I would love to be there when someone looks at the photograph and realizes that he or she is on the card. What a great moment that would be.
There are hundreds and hundreds of photographs, whether on cards or in magazines or yearbooks, in which fans' faces are visible. But not once have I heard of anyone saying that they appeared in a published photograph as a spectator. There are famous photos of identified spectators in the stands, but I'm not talking about that. I'm talking about the anonymous fans watching a game. I'd love to hear their stories.
Here's my story: I did appear on a baseball card. Although when you see it, you're going to be pretty disappointed. It's still kind of neat in its own small way.
As a young sportswriter, I covered a new minor league franchise, called the Niagara Falls Rapids. They were a short-season Class A team of the Detroit Tigers. They played in the New York-Penn League. The most famous player to come from that team was a pitcher named John Doherty, who enjoyed brief success with the Tigers in the mid-1990s. He was quite a character and a joy to interview. Nice guy. Two other players, Ivan Cruz and John DeSilva, played briefly in the majors.
Like many minor league teams, the Rapids issued a baseball card set as a promotional giveaway. I have the 30-card set. It features players on the team, the manager, a coach and the general manager.
This is the second-to-last card in the set:
That is a picture of the primitive "stadium" where the Rapids played their home games.
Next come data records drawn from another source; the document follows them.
(* Let $A\in\mathbb R^{m\times n}$ and $p\in\mathbb Q\cap(2,\infty)$. Then $\|A\|_{p_*}=\max\{\langle A,Z\rangle:\|Z\|_{p_\sigma}\le1\}$ and $\|A\|_{p_u}:=\max\{\langle A,Z\rangle:\|Z\|_{p_v}\le1\}$ satisfy $\|A\|_{p_u}\le\|A\|_{p_*}\le\delta_G\|A\|_{p_u}$.
   Context: Matrix spectral $p$-norm $\|Z\|_{p_\sigma}=\max\{\boldsymbol x^{\mathrm T}Z\boldsymbol y:\|\boldsymbol x\|_p=\|\boldsymbol y\|_p=1\}$; matrix nuclear $p$-norm $\|A\|_{p_*}=\min\{\sum|\lambda_i|:A=\sum\lambda_i\boldsymbol x_i\boldsymbol y_i^{\mathrm T},\ \|\boldsymbol x_i\|_p=\|\boldsymbol y_i\|_p=1\}$. $\|Z\|_{p_v}=\max\{\langle\begin{pmatrix}O&Z/2\\Z^{\mathrm T}/2&O\end{pmatrix},X\rangle:\sum_{i\le m}|x_{ii}|^{p/2}\le1,\ \sum_{i>m}|x_{ii}|^{p/2}\le1,\ X\succeq O\}$. $\delta_G$ is the real Grothendieck constant. *)

theory Defs
  imports "HOL-Analysis.Analysis"
begin

text \<open>Vectors in R^k are functions nat => real (only indices < k matter);
  m x n matrices are functions nat => nat => real (only indices i < m, j < n matter).\<close>

definition vec_pnorm :: "real \<Rightarrow> nat \<Rightarrow> (nat \<Rightarrow> real) \<Rightarrow> real" where
  "vec_pnorm p k x = (\<Sum>i<k. \<bar>x i\<bar> powr p) powr (1 / p)"

definition mat_inner :: "nat \<Rightarrow> nat \<Rightarrow> (nat \<Rightarrow> nat \<Rightarrow> real) \<Rightarrow> (nat \<Rightarrow> nat \<Rightarrow> real) \<Rightarrow> real" where
  "mat_inner m n A Z = (\<Sum>i<m. \<Sum>j<n. A i j * Z i j)"

definition spectral_pnorm :: "real \<Rightarrow> nat \<Rightarrow> nat \<Rightarrow> (nat \<Rightarrow> nat \<Rightarrow> real) \<Rightarrow> real" where
  "spectral_pnorm p m n Z = Sup {(\<Sum>i<m. \<Sum>j<n. x i * Z i j * y j) | x y.
       vec_pnorm p m x = 1 \<and> vec_pnorm p n y = 1}"

definition nuclear_pnorm :: "real \<Rightarrow> nat \<Rightarrow> nat \<Rightarrow> (nat \<Rightarrow> nat \<Rightarrow> real) \<Rightarrow> real" where
  "nuclear_pnorm p m n A = Inf {(\<Sum>k<r. \<bar>lam k\<bar>) | (r::nat) lam xs ys.
       (\<forall>k<r. vec_pnorm p m (xs k) = 1 \<and> vec_pnorm p n (ys k) = 1) \<and>
       (\<forall>i<m. \<forall>j<n. A i j = (\<Sum>k<r. lam k * xs k i * ys k j))}"

definition psd :: "nat \<Rightarrow> (nat \<Rightarrow> nat \<Rightarrow> real) \<Rightarrow> bool" where
  "psd N X \<longleftrightarrow> (\<forall>i<N. \<forall>j<N. X i j = X j i) \<and>
     (\<forall>x. (\<Sum>i<N. \<Sum>j<N. x i * X i j * x j) \<ge> 0)"

text \<open>The norm \<open>\<parallel>Z\<parallel>_{p_v}\<close>: X is (m+n) x (m+n), indices < m form the first block,
  indices m..m+n-1 the second; the inner product with the block matrix
  [[O, Z/2],[Z^T/2, O]] is written out literally.\<close>
definition pv_norm :: "real \<Rightarrow> nat \<Rightarrow> nat \<Rightarrow> (nat \<Rightarrow> nat \<Rightarrow> real) \<Rightarrow> real" where
  "pv_norm p m n Z = Sup {(\<Sum>i<m. \<Sum>j<n. Z i j / 2 * X i (m + j))
                         + (\<Sum>j<n. \<Sum>i<m. Z i j / 2 * X (m + j) i) | X.
       psd (m + n) X \<and>
       (\<Sum>i<m. \<bar>X i i\<bar> powr (p / 2)) \<le> 1 \<and>
       (\<Sum>j<n. \<bar>X (m + j) (m + j)\<bar> powr (p / 2)) \<le> 1}"

definition pu_norm :: "real \<Rightarrow> nat \<Rightarrow> nat \<Rightarrow> (nat \<Rightarrow> nat \<Rightarrow> real) \<Rightarrow> real" where
  "pu_norm p m n A = Sup {mat_inner m n A Z | Z. pv_norm p m n Z \<le> 1}"

definition grothendieck_const :: real where
  "grothendieck_const = Inf {K. \<forall>(m::nat) (n::nat) (d::nat) (a::nat \<Rightarrow> nat \<Rightarrow> real)
        (u::nat \<Rightarrow> nat \<Rightarrow> real) (v::nat \<Rightarrow> nat \<Rightarrow> real).
      (\<forall>i<m. (\<Sum>k<d. (u i k)\<^sup>2) = 1) \<and> (\<forall>j<n. (\<Sum>k<d. (v j k)\<^sup>2) = 1) \<longrightarrow>
      (\<Sum>i<m. \<Sum>j<n. a i j * (\<Sum>k<d. u i k * v j k))
        \<le> K * Sup {(\<Sum>i<m. \<Sum>j<n. a i j * e i * f j) | e f.
                    (\<forall>i<m. e i \<in> {-1, 1}) \<and> (\<forall>j<n. f j \<in> {-1, 1})}}"

end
It was better suited for football games, and quite a few high school games were played there. The stadium is indeed named after former New York Giants pitcher Sal Maglie, who was a native of Niagara Falls, N.Y.
At the top of the photo is the press box, and that's where I come in. Where the windows are, I'm the guy on the left.
Here's a closer look. See?
OK, you can't make out a thing, and nothing I said here would stand up in a court of law, but I'm telling you that's me sitting down on the left. The guy in the middle is the scorekeeper (probably asking me for the 90th time if the pitcher just threw a wild pitch or a passed ball). The guy standing on the right broadcasted the games for one of the area radio stations.
The Rapids no longer exist. There's no minor league ball in Niagara Falls. But the card lives on.
So, there you go. I'm one of those spectators who appeared on a baseball card.